Mining blog stories using community-based and temporal clustering

  • Authors:
  • Arun Qamra;Belle Tseng;Edward Y. Chang

  • Affiliations:
  • UC Santa Barbara;NEC Labs America, Cupertino;UC Santa Barbara

  • Venue:
  • CIKM '06 Proceedings of the 15th ACM international conference on Information and knowledge management
  • Year:
  • 2006

Quantified Score

Hi-index 0.00

Visualization

Abstract

In recent years, weblogs, or blogs for short, have become an important form of online content. The personal nature of blogs, online interactions between bloggers, and the temporal nature of blog entries, differentiate blogs from other kinds of Web content. Bloggers interact with each other by linking to each other's posts, thus forming online communities.

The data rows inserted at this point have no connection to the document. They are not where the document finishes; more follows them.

lemma Least_strict_mono_image:
  fixes f :: "'a::wellorder \<Rightarrow> 'b::wellorder"
  assumes "strict_mono f" "Q v"
  shows "(LEAST u. \<exists>v. u = f v \<and> Q v) = f (LEAST v. Q v)"
proof (rule Least_equality)
  show "\<exists>v. f (LEAST v. Q v) = f v \<and> Q v"
    using LeastI[of Q, OF assms(2)] by blast
  show "f (LEAST v. Q v) \<le> u" if "\<exists>v. u = f v \<and> Q v" for u
    using that Least_le[of Q] strict_mono_less_eq[OF assms(1)] by blast
qed

lemma op_end_of_completes:
  assumes "op_completes r (i, t)"
  shows "t < op_end r (i, t)" "responds_in r i (op_end r (i, t))"
proof -
  obtain u where "t < u \<and> responds_in r i u"
    using assms by (auto simp: op_completes_def)
  from LeastI[of "\<lambda>u. t < u \<and> responds_in r i u", OF this]
  show "t < op_end r (i, t)" "responds_in r i (op_end r (i, t))"
    by (simp_all add: op_end_def)
qed

lemma
  assumes ret: "retiming r r' f" and op: "is_op r (i, t)"
  shows retiming_is_op: "is_op r' (i, f i t)"
    and retiming_op_completes: "op_completes r' (i, f i t) \<longleftrightarrow> op_completes r (i, t)"
    and retiming_op_end: "op_completes r (i, t) \<Longrightarrow> op_end r' (i, f i t) = f i (op_end r (i, t))"
proof -
  have mono: "strict_mono (f i)"
    using ret by (simp add: retiming_def)
  have occurs: "occurs_in r' i t' e \<longleftrightarrow> (\<exists>t. t' = f i t \<and> occurs_in r i t e)" for t' e
    using ret by (simp add: retiming_def)
  show "is_op r' (i, f i t)"
    using op occurs by (auto simp: is_op_def invoked_in_iff_occurs_in)
  have responds_after: "f i t < u \<and> responds_in r' i u
      \<longleftrightarrow> (\<exists>v. u = f i v \<and> t < v \<and> responds_in r i v)" for u
    using occurs strict_mono_less[OF mono] by (auto simp: responds_in_iff_occurs_in)
  then show "op_completes r' (i, f i t) \<longleftrightarrow> op_completes r (i, t)"
    using op \<open>is_op r' (i, f i t)\<close> by (auto simp: op_completes_def)
  show "op_end r' (i, f i t) = f i (op_end r (i, t))" if completes: "op_completes r (i, t)"
  proof -
    obtain v where "t < v \<and> responds_in r i v"
      using completes by (auto simp: op_completes_def)
    then show ?thesis
      unfolding op_end_def fst_conv snd_conv responds_after
      by (rule Least_strict_mono_image[OF mono])
  qed
qed

lemma retiming_op_corresponds:
  assumes ret: "retiming r r' f" and op: "is_op r (i, t)"
  shows "op_corresponds r (i, t) r' (i, f i t)"
proof -
  have "r' (f i u) i = r u i" for u
    using ret by (simp add: retiming_def)
  then show ?thesis
    using op retiming_is_op[OF ret op] retiming_op_completes[OF ret op] retiming_op_end[OF ret op]
    by (simp add: op_corresponds_def op_start_def)
qed

lemma retiming_op_before_iff:
  assumes ret: "retiming r r' f" and "op_completes r (i, t)" "is_op r (j, s)"
  shows "op_before r' (i, f i t) (j, f j s) \<longleftrightarrow> f i (op_end r (i, t)) < f j s"
proof -
  have op: "is_op r (i, t)" using assms(2) by (simp add: op_completes_def)
  show ?thesis
    using assms(2) retiming_op_completes[OF ret op] retiming_op_end[OF ret op assms(2)]
      retiming_is_op[OF ret assms(3)]
    by (simp add: op_before_def op_start_def)
qed

lemma responds_in_not_invoked_in: "responds_in r i t \<Longrightarrow> \<not> invoked_in r i t"
  by (auto simp: responds_in_def invoked_in_def)

lemma causal_cut_less_if_not_op_chain:
  assumes run: "is_run P r" and "is_op r (i, t)" "op_completes r (y, s)"
    and "\<not> op_chain r (i, t) (y, s)"
  shows "causal_cut r (y, op_end r (y, s)) i < t"
  using causal_cut_less_invocation[OF run] assms(2,4)
    responds_in_not_invoked_in[OF op_end_of_completes(2)[OF assms(3)]]
  by (simp add: is_op_def op_chain_def op_start_def)

lemma cut_run_op_before_if_inside_cut:
  assumes le_T: "\<And>i. c i \<le> T" and "op_completes r (i, t)" "op_end r (i, t) \<le> c i"
    and "is_op r (j, s)" "c j < s"
  shows "op_before (cut_run T c r) (i, cut_global_time T c i t) (j, cut_global_time T c j s)"
proof -
  have ret: "retiming r (cut_run T c r) (cut_global_time T c)"
    by (rule retiming_cut_run[OF le_T])
  show ?thesis
    unfolding retiming_op_before_iff[OF ret assms(2,4)]
    using assms(3,5) le_T[of i] by (simp add: cut_global_time_def)
qed

lemma cut_run_op_before_if_after_cut:
  assumes le_T: "\<And>i. c i \<le> T" and "op_completes r (i, t)" "c i < t"
    and "is_op r (j, s)" "c j < s" "op_end r (i, t) < s"
  shows "op_before (cut_run T c r) (i, cut_global_time T c i t) (j, cut_global_time T c j s)"
proof -
  have ret: "retiming r (cut_run T c r) (cut_global_time T c)"
    by (rule retiming_cut_run[OF le_T])
  show ?thesis
    unfolding retiming_op_before_iff[OF ret assms(2,4)]
    using assms(3,5,6) op_end_of_completes(1)[OF assms(2)] by (simp add: cut_global_time_def)
qed

theorem theorem9:
  fixes P :: "('v, 'p::finite, 'm, 'a, 'o, 'x) protocol"
    and r :: "('v, 'p, 'm, 'a, 'o, 'x) run"
    and X Y :: "'p op"
  assumes "is_run P r"
    and "is_op r X" and "is_op r Y"
    and "op_completes r Y"
    and "\<not> op_chain r X Y"
  shows "\<exists>r'. is_run P r' \<and> loc_equiv r' r \<and>
           (\<exists>X' Y'. op_corresponds r X r' X' \<and> op_corresponds r Y r' Y' \<and>
              op_before r' Y' X' \<and>
              (\<forall>Z. op_completes r Z \<and> op_before r X Z \<and> \<not> op_chain r Z Y \<longrightarrow>
                  (\<exists>Z'. op_corresponds r Z r' Z' \<and> op_before r' X' Z')))"
proof -
  note run = assms(1)
  obtain x tx y ty where X: "X = (x, tx)" and Y: "Y = (y, ty)" by fastforce
  define T where "T = op_end r Y"
  define c where "c = causal_cut r (y, T)"
  define f where "f = cut_global_time T c"
  have le_T: "c i \<le> T" for i
    using causal_cut_le[OF run, of "(y, T)"] by (simp add: c_def)
  have outside: "c i < t" if "is_op r (i, t)" "\<not> op_chain r (i, t) Y" for i t
    using causal_cut_less_if_not_op_chain[OF run that(1)] assms(4) that(2) by (simp add: c_def T_def Y)
  have "op_end r Y \<le> c y"
    using causal_cut_self[OF run, of "(y, T)"] by (simp add: c_def T_def)
  then have Y_before_X: "op_before (cut_run T c r) (y, f y ty) (x, f x tx)"
    unfolding f_def
    by (intro cut_run_op_before_if_inside_cut[where c = c and T = T, OF le_T])
      (use assms outside in \<open>simp_all add: X Y\<close>)
  have X_before_Z: "op_before (cut_run T c r) (x, f x tx) (z, f z tz)"
    if "op_completes r (z, tz)" "op_before r X (z, tz)" "\<not> op_chain r (z, tz) Y" for z tz
    unfolding f_def
    by (intro cut_run_op_before_if_after_cut[where c = c and T = T, OF le_T])
      (use assms(2,5) outside that in \<open>simp_all add: X op_before_def op_completes_def op_start_def\<close>)
  have corresponds: "op_corresponds r (i, t) (cut_run T c r) (i, f i t)" if "is_op r (i, t)" for i t
    unfolding f_def using retiming_op_corresponds[OF retiming_cut_run[where c = c and T = T, OF le_T] that] .
  show ?thesis
  proof (intro exI conjI)
    show "is_run P (cut_run T c r)"
      using cut_run_is_run[OF run _ le_T] consistent_cut_causal_cut[OF run] by (simp add: c_def)
    show "loc_equiv (cut_run T c r) r"
      using le_T by (rule cut_run_loc_equiv)
    show "op_corresponds r X (cut_run T c r) (x, f x tx)" "op_corresponds r Y (cut_run T c r) (y, f y ty)"
      using corresponds assms(2,3) by (simp_all add: X Y)
    show "op_before (cut_run T c r) (y, f y ty) (x, f x tx)" by (rule Y_before_X)
    show "\<forall>Z. op_completes r Z \<and> op_before r X Z \<and> \<not> op_chain r Z Y \<longrightarrow>
      (\<exists>Z'. op_corresponds r Z (cut_run T c r) Z' \<and> op_before (cut_run T c r) (x, f x tx) Z')"
      using corresponds X_before_Z by (force simp: op_completes_def)
  qed
qed

end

Within these communities, bloggers engage in discussions of certain issues, through entries in their blogs. Since these discussions are often initiated in response to online or offline events, a discussion typically lasts for a limited time duration. We wish to extract such temporal discussions, or stories, occurring within blogger communities, based on some query keywords. We propose a Content-Community-Time model that can leverage the content of entries, their timestamps, and the community structure of the blogs, to automatically discover stories. Doing so also allows us to discover hot stories. We demonstrate the effectiveness of our model through several case studies using real-world data collected from the blogosphere.